Background Clinical outcome in patients undergoing embolectomy due to intracranial large vessel occlusion is influenced by several factors. The impact of a concomitant carotid artery stenosis contralateral to the intracranial lesion remains unclear.
Methods Retrospective analysis of prospectively collected data of two comprehensive stroke centers between 2014 and 2017. Three hundred and ninety-two consecutive patients with intracranial vessel occlusion in the anterior circulation were treated with embolectomy. Clinical (including demographics and NIHSS), imaging (including angiographic evaluation of concomitant contralateral carotid stenosis), and procedural data were evaluated. Favorable clinical outcome was defined as modified Rankin Scale≤2 at 90 days.

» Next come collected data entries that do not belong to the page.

lemma theta_sum_add_int:
  assumes "even (k1 + k2 + k3 + k4)"
  shows "theta_sum t z (c + of_int4 (k1, k2, k3, k4)) = e2pi (- of_int (k3 + k4) / 5) * theta_sum t z c"
proof -
  obtain m where "k1 + k2 + k3 + k4 = 2 * m"
    using assms by (rule evenE)
  then have m: "k1 = 2 * m - k2 - k3 - k4"
    by linarith
  have "e2pi (of_int4 (k1, k2, k3, k4) \<bullet> lattice_point a b c d) = e2pi (- of_int (k3 + k4) / 5)" for a b c d
  proof (rule e2pi_eq_if_diff_int)
    have "of_int4 (k1, k2, k3, k4) \<bullet> lattice_point a b c d - - of_int (k3 + k4) / 5
        = of_int (m * a + k2 * b + k3 * c + k4 * d)"
      unfolding m of_int4_def lattice_point_def by (simp add: algebra_simps add_divide_distrib diff_divide_distrib)
    then show "of_int4 (k1, k2, k3, k4) \<bullet> lattice_point a b c d - - of_int (k3 + k4) / 5 \<in> \<int>"
      by simp
  qed
  then show ?thesis
    unfolding theta_sum_def theta_lattice_def by (intro infsum_theta_kernel_add_char) blast
qed

subsection \<open>Symmetries of the lattice sum\<close>

definition rho :: "r4 \<Rightarrow> r4" where
  "rho = (\<lambda>(w1, w2, w3, w4).
     ((w1 - w2 + w3 - w4) / 2, (w1 - w2 - w3 + w4) / 2, (w1 + w2 + w3 + w4) / 2, (- w1 - w2 + w3 + w4) / 2))"

definition neg1 :: "r4 \<Rightarrow> r4" where
  "neg1 = (\<lambda>(w1, w2, w3, w4). (- w1, w2, w3, w4))"

definition swap12 :: "r4 \<Rightarrow> r4" where
  "swap12 = (\<lambda>(w1, w2, w3, w4). (w2, w1, w3, w4))"

definition swap34 :: "r4 \<Rightarrow> r4" where
  "swap34 = (\<lambda>(w1, w2, w3, w4). (w1, w2, w4, w3))"

lemma rho_lattice_point: "rho (lattice_point a b c d) = lattice_point (c - b - d) (d - c) (a + b + d) d"
  unfolding rho_def lattice_point_def by (simp add: field_simps)

lemma rho_rho_rho: "rho (rho (rho w)) = w"
  by (cases w) (simp add: rho_def field_simps)

lemma theta_sum_rho: "theta_sum t z (rho c) = theta_sum t z c"
proof (rule theta_sum_invariant)
  have "rho w \<in> theta_lattice" if "w \<in> theta_lattice" for w
    using that by (elim theta_latticeE) (simp add: rho_lattice_point)
  then show "bij_betw rho theta_lattice theta_lattice"
    by (intro bij_betw_byWitness[where f' = "rho \<circ> rho"]) (simp_all add: rho_rho_rho image_subset_iff)
  show "rho u \<bullet> rho v = u \<bullet> v" for u v
    by (cases u, cases v) (simp add: rho_def field_simps)
qed (simp add: rho_def)

lemma theta_sum_invariant_involution:
  assumes "\<And>a b c d. g (lattice_point a b c d) \<in> theta_lattice" and "\<And>w. g (g w) = w"
    and "\<And>u v. g u \<bullet> g v = u \<bullet> v" and "g (0, 0, 1, 1) = (0, 0, 1, 1)"
  shows "theta_sum t z (g c) = theta_sum t z c"
proof (rule theta_sum_invariant[OF _ assms(3,4)])
  have "g w \<in> theta_lattice" if "w \<in> theta_lattice" for w
    using that by (elim theta_latticeE) (simp add: assms(1))
  then show "bij_betw g theta_lattice theta_lattice"
    by (intro bij_betw_byWitness[where f' = g]) (auto simp: assms(2))
qed

lemma theta_sum_neg1: "theta_sum t z (neg1 c) = theta_sum t z c"
proof (rule theta_sum_invariant_involution)
  show "neg1 (lattice_point a b c d) \<in> theta_lattice" for a b c d
    using lattice_point_in_theta_lattice[of "- a" "b + a" "c + a" "d + a"]
    by (simp add: neg1_def lattice_point_def add_ac)
qed (auto simp: neg1_def)

lemma theta_sum_swap12: "theta_sum t z (swap12 c) = theta_sum t z c"
proof (rule theta_sum_invariant_involution)
  show "swap12 (lattice_point a b c d) \<in> theta_lattice" for a b c d
    using lattice_point_in_theta_lattice[of "2 * b + a" "- b" "c - b" "d - b"]
    by (simp add: swap12_def lattice_point_def field_simps)
qed (auto simp: swap12_def)

lemma theta_sum_swap34: "theta_sum t z (swap34 c) = theta_sum t z c"
proof (rule theta_sum_invariant_involution)
  show "swap34 (lattice_point a b c d) \<in> theta_lattice" for a b c d
    using lattice_point_in_theta_lattice[of a b d c]
    by (simp add: swap34_def lattice_point_def)
qed (auto simp: swap34_def)

lemma theta_series_relation:
  fixes t z :: complex
  assumes "Im t > 0"
  defines "A \<equiv> theta_series t 0 (1/10) (1/2)" and "B \<equiv> theta_series t 0 (3/10) (1/2)"
    and "g \<equiv> \<lambda>k::nat. theta_series t z (real k / 10) (3/10)"
  shows "B^2 * g 1 * g 9 - A^2 * g 3 * g 7 + A * B * (g 5)^2 = 0"
proof -
  let ?D = "theta_sum t z"
  have D1: "?D (11/10, 3/10, 1/2, 1/2) = ?D (3/10, 3/10, 1/10, 9/10)"
  proof -
    have "?D (11/10, 3/10, 1/2, 1/2) = ?D ((1/10, -7/10, 1/2, 1/2) + of_int4 (1, 1, 0, 0))"
      by (simp add: of_int4_def)
    also have "\<dots> = ?D (neg1 (-1/10, -7/10, 1/2, 1/2))"
      by (simp add: theta_sum_add_int neg1_def)
    also have "\<dots> = ?D (rho (rho (3/10, 3/10, 1/10, 9/10)))"
      by (simp add: theta_sum_neg1 rho_def)
    finally show ?thesis
      by (simp only: theta_sum_rho)
  qed
  have D2: "?D (11/10, 1/10, 3/10, 7/10) = ?D (13/10, 3/10, 1/10, 9/10)"
  proof -
    have "?D (11/10, 1/10, 3/10, 7/10) = ?D ((-9/10, 1/10, 13/10, -3/10) + of_int4 (2, 0, -1, 1))"
      by (simp add: of_int4_def)
    also have "\<dots> = ?D (neg1 (swap12 (1/10, 9/10, 13/10, -3/10)))"
      by (simp add: theta_sum_add_int neg1_def swap12_def)
    also have "\<dots> = ?D (rho (13/10, 3/10, 1/10, 9/10))"
      by (simp add: theta_sum_neg1 theta_sum_swap12 rho_def)
    finally show ?thesis
      by (simp only: theta_sum_rho)
  qed
  have D3: "?D (1/10, 3/10, 1/2, 1/2) = ?D (1/10, 1/10, 3/10, 7/10)"
  proof -
    have "?D (1/10, 3/10, 1/2, 1/2) = ?D (swap12 (rho (rho (1/10, 1/10, 7/10, 3/10))))"
      by (simp add: swap12_def rho_def)
    also have "\<dots> = ?D (swap34 (1/10, 1/10, 3/10, 7/10))"
      by (simp add: theta_sum_swap12 theta_sum_rho swap34_def)
    finally show ?thesis
      by (simp only: theta_sum_swap34)
  qed
  have "?D (3/10, 3/10, 1/10, 9/10) - ?D (13/10, 3/10, 1/10, 9/10) = 2 * (B * (B * (g 1 * g 9)))"
    and "?D (1/10, 1/10, 3/10, 7/10) - ?D (11/10, 1/10, 3/10, 7/10) = 2 * (A * (A * (g 3 * g 7)))"
    and "?D (1/10, 3/10, 1/2, 1/2) - ?D (11/10, 3/10, 1/2, 1/2) = 2 * (A * (B * (g 5 * g 5)))"
    using theta_sum_diff_eq_theta_series[OF assms(1), of z "3/10" "3/10" "1/10" "9/10"]
      theta_sum_diff_eq_theta_series[OF assms(1), of z "1/10" "1/10" "3/10" "7/10"]
      theta_sum_diff_eq_theta_series[OF assms(1), of z "1/10" "3/10" "1/2" "1/2"]
    by (simp_all add: A_def B_def g_def)
  then show ?thesis
    using D1 D2 D3 by algebra
qed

Results In 27/392 patients (7%) pre-interventional imaging exhibited a concomitant carotid stenosis (>50%) contralateral to the intracranial lesion compared to 365 patients with a luminal reduction of ≤50%. Median admission NIHSS and procedural timings did not differ between groups. Reperfusion was successful in 303/365 (83%) vs 25/27 (93%), respectively. Median volume of the final infarct core was larger in individuals with stenosis >50% (176 (IQR 32–213) vs 11 cm3 (1–65), p<0.0005). Rate of favorable outcome at 90 days (7% vs 35%, p<0.05) and mortality (63% vs 19%, p<0.005) differed significantly between groups. The presence of concomitant contralateral carotid stenosis in patients with intracranial vessel occlusion was associated with a poor outcome independent of age and NIHSS in multivariate logistic regression (OR 2.2 (1.1–4.7), p<0.05).
Conclusion For patients with intracranial vessel occlusion undergoing embolectomy, the presence of a contralateral carotid stenosis >50% is a predictor of poor clinical outcome.
Disclosures V. Maus: None. J. Borggrefe: None. N. Abdullayev: None. H. Sack: None. M. Psychogios: None. A. Mpotsaris: None. D. Behme: None.